++++ RECORDS FOR THE EXERCISE
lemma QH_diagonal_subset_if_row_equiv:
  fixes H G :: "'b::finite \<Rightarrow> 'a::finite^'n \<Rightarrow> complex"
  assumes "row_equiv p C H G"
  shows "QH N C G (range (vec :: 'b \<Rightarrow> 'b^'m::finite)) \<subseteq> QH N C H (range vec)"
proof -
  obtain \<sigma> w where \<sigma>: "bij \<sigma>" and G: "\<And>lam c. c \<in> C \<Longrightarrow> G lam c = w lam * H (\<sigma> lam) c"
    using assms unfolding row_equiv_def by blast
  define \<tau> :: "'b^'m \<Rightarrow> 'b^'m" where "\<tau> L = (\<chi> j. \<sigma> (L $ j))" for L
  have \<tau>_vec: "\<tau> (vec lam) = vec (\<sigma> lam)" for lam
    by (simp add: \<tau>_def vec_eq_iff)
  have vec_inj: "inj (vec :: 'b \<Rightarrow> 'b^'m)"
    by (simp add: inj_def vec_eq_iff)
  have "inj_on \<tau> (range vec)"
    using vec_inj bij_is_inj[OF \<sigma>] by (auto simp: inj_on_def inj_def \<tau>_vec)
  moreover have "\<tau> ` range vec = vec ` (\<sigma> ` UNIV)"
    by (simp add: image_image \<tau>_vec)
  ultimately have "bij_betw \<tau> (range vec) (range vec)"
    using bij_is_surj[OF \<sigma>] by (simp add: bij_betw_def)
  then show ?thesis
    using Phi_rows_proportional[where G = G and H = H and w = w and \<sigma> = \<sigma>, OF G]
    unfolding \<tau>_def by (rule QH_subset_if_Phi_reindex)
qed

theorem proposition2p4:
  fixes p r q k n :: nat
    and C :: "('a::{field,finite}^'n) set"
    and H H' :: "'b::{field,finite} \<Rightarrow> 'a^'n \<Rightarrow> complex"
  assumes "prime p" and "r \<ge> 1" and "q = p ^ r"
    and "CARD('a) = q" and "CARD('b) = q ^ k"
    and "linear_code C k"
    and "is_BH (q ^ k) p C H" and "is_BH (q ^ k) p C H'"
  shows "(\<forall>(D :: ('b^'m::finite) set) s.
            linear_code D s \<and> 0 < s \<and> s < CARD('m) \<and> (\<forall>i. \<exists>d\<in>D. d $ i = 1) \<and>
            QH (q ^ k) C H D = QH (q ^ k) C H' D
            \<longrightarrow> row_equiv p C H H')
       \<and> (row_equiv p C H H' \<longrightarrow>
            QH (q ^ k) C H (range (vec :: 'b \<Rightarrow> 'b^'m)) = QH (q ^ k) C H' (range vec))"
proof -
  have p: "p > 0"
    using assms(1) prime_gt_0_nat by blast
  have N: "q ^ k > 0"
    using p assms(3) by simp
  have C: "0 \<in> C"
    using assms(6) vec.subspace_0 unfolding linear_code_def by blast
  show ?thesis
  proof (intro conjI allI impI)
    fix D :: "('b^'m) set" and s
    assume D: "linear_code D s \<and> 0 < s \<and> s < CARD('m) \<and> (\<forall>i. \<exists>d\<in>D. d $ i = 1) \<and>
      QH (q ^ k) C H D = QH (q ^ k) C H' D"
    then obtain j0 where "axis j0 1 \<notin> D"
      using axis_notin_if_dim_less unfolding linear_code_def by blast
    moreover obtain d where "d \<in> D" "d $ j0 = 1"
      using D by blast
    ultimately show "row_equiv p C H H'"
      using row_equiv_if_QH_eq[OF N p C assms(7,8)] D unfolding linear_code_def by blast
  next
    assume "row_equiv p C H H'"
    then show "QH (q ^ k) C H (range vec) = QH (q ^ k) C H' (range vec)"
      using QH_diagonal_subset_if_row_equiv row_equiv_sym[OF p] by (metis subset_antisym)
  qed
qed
++++++++
++++ RECORDS FOR THE EXERCISE
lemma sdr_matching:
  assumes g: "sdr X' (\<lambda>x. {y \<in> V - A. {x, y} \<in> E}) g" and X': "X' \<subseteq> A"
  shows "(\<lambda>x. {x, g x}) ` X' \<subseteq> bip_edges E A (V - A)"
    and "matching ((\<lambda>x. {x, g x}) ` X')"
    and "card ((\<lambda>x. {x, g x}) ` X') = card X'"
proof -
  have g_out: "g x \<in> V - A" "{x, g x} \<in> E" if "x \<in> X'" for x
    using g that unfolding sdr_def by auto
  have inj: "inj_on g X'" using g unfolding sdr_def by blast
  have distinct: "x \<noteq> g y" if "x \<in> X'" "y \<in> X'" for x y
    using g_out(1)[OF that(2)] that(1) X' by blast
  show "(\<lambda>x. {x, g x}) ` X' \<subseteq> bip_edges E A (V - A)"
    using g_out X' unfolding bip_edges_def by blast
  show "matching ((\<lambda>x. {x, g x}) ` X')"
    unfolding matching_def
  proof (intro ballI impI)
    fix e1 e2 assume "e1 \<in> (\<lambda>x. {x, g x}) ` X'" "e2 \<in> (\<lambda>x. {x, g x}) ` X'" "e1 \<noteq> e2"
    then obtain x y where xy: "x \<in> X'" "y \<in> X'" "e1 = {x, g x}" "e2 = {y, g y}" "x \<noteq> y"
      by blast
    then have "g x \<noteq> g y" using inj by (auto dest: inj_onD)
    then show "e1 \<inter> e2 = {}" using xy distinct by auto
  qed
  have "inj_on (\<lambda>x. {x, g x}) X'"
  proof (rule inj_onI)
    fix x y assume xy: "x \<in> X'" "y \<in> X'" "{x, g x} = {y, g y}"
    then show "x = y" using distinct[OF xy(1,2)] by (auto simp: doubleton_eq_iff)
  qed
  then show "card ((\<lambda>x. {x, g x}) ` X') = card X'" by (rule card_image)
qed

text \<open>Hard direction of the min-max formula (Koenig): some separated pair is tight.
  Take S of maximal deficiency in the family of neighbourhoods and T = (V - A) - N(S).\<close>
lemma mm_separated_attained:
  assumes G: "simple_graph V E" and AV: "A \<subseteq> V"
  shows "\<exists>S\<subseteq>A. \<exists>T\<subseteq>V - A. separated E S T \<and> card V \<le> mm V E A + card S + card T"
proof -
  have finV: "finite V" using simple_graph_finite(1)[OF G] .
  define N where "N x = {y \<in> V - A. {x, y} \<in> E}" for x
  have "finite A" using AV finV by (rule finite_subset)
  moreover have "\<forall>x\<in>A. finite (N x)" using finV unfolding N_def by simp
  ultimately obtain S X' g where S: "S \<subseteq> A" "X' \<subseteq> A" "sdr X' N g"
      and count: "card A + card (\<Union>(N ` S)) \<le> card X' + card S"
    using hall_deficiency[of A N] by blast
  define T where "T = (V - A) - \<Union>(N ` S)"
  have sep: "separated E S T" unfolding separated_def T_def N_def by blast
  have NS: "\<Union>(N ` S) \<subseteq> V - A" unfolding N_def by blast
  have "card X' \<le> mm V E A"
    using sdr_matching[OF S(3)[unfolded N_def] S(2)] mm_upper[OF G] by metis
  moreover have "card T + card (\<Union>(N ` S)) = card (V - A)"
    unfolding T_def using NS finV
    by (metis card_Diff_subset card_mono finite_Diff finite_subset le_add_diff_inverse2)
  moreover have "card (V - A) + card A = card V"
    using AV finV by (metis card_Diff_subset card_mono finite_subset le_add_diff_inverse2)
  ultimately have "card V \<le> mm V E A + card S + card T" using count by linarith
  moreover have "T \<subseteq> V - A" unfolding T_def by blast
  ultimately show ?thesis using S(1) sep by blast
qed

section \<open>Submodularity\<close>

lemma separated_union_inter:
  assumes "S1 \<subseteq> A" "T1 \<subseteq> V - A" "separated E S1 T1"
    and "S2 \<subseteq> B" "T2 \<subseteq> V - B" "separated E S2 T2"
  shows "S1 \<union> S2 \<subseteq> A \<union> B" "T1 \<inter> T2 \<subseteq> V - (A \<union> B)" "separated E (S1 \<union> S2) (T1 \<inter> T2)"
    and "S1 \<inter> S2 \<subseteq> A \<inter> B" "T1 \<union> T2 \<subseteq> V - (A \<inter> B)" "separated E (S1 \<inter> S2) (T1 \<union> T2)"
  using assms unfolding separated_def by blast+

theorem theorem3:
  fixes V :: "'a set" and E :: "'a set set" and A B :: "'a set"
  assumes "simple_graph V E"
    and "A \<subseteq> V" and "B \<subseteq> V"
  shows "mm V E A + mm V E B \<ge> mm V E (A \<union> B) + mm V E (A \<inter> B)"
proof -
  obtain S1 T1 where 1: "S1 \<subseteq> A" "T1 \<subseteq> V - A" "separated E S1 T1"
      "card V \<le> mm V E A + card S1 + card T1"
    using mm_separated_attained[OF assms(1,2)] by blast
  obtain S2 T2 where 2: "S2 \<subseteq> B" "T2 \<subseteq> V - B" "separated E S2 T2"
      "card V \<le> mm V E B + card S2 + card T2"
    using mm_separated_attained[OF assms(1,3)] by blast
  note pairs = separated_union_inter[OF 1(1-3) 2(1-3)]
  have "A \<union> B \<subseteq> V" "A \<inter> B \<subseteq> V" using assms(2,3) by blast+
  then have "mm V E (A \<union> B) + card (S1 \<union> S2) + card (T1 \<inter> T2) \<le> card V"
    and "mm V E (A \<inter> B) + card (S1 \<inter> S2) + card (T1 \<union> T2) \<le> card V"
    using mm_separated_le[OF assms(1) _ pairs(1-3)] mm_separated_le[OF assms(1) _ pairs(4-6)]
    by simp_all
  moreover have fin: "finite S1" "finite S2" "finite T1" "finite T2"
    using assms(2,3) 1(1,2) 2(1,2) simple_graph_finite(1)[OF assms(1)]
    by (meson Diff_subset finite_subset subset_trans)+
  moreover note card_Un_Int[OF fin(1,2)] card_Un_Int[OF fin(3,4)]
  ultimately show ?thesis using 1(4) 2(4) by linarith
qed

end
++++++++
++++ RECORDS FOR THE EXERCISE
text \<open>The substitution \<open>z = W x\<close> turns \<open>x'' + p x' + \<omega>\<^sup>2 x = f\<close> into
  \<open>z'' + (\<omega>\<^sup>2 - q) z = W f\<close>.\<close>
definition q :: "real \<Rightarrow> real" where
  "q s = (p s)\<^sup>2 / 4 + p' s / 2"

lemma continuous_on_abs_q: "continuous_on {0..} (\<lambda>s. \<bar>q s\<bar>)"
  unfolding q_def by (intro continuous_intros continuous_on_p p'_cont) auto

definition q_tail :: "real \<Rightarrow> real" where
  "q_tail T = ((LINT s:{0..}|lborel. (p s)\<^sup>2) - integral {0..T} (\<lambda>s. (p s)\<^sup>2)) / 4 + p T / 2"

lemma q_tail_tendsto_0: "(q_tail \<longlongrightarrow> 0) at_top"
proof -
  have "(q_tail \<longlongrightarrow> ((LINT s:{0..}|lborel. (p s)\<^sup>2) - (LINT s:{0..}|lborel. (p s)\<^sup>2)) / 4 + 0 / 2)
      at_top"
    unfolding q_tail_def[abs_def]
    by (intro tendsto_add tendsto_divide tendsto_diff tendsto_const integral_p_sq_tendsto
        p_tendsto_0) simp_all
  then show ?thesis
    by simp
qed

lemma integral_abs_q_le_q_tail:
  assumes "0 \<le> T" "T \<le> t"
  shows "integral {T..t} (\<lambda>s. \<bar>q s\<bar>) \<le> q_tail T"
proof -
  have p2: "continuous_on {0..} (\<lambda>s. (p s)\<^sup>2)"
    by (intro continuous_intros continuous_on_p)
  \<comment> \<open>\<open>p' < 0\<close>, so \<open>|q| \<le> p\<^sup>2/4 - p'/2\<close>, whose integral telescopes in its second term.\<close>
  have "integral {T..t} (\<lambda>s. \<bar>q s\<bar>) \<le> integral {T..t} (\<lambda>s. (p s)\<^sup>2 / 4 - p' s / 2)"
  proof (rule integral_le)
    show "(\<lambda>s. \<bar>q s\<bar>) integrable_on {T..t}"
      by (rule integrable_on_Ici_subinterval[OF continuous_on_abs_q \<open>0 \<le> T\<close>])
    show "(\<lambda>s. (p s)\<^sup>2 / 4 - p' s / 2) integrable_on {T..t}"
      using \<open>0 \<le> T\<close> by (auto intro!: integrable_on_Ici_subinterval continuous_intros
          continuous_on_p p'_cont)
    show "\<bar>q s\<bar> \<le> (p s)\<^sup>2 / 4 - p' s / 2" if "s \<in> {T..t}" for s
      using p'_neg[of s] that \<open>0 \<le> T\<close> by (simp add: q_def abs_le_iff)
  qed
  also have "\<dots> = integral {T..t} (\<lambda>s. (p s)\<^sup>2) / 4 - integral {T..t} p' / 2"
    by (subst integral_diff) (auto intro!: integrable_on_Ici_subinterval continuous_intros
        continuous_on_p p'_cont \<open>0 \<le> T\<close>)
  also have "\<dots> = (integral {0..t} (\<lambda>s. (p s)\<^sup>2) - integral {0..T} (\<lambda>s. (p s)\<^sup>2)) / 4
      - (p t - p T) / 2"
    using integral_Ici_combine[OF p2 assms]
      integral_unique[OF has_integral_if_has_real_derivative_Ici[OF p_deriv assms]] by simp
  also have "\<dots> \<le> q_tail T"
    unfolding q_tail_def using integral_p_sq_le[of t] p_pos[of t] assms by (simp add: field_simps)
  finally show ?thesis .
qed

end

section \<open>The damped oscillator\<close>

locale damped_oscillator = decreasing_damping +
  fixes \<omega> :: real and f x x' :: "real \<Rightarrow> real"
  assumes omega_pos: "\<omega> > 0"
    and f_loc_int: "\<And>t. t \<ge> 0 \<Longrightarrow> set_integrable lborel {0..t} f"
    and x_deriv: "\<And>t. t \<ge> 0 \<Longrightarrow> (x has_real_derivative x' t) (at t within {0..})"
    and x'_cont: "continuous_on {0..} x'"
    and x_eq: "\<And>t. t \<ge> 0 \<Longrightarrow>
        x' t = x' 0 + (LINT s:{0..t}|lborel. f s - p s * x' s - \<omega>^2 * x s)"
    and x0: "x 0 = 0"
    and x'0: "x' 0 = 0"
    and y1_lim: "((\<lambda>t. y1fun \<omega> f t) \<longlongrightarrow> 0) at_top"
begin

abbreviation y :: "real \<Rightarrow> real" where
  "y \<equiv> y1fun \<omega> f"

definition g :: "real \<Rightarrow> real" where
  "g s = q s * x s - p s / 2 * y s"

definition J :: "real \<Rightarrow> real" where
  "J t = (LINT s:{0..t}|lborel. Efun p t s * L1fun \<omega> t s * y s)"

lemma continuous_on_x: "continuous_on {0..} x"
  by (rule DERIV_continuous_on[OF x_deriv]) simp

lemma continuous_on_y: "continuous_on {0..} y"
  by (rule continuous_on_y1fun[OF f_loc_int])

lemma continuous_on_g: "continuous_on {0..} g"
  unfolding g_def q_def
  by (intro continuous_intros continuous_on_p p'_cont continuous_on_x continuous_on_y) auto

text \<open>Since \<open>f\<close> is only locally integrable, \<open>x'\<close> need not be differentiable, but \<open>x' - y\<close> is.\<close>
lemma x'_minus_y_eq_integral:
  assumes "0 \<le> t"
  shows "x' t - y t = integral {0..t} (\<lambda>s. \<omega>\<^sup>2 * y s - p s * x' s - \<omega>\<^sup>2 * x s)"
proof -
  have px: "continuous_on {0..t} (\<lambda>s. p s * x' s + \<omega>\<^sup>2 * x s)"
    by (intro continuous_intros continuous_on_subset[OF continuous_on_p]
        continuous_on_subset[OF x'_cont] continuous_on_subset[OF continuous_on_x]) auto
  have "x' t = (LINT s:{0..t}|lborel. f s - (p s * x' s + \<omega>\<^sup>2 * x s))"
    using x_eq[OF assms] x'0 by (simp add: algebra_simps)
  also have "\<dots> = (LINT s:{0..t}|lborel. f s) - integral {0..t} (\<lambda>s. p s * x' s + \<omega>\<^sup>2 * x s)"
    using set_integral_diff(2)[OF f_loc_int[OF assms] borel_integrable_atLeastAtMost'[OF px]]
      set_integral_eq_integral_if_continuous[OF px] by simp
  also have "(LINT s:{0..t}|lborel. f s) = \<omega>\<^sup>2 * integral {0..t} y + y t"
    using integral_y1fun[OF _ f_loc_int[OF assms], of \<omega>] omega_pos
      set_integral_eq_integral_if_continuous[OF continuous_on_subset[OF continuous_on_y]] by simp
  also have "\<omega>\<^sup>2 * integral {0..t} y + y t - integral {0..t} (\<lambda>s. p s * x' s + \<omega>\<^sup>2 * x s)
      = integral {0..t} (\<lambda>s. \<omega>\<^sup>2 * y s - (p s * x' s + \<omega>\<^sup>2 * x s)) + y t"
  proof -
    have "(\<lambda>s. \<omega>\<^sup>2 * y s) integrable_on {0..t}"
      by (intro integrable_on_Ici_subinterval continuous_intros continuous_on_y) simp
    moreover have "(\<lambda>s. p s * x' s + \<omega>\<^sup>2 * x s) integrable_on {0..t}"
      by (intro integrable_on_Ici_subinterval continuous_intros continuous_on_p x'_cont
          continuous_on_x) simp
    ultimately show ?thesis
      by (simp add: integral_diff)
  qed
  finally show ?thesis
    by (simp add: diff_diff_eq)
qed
++++++++
• REQUIRED ACTION:
Reply with a lone number, the count of lines in the data that include the string "sigma".

• TASK ANSWER:
7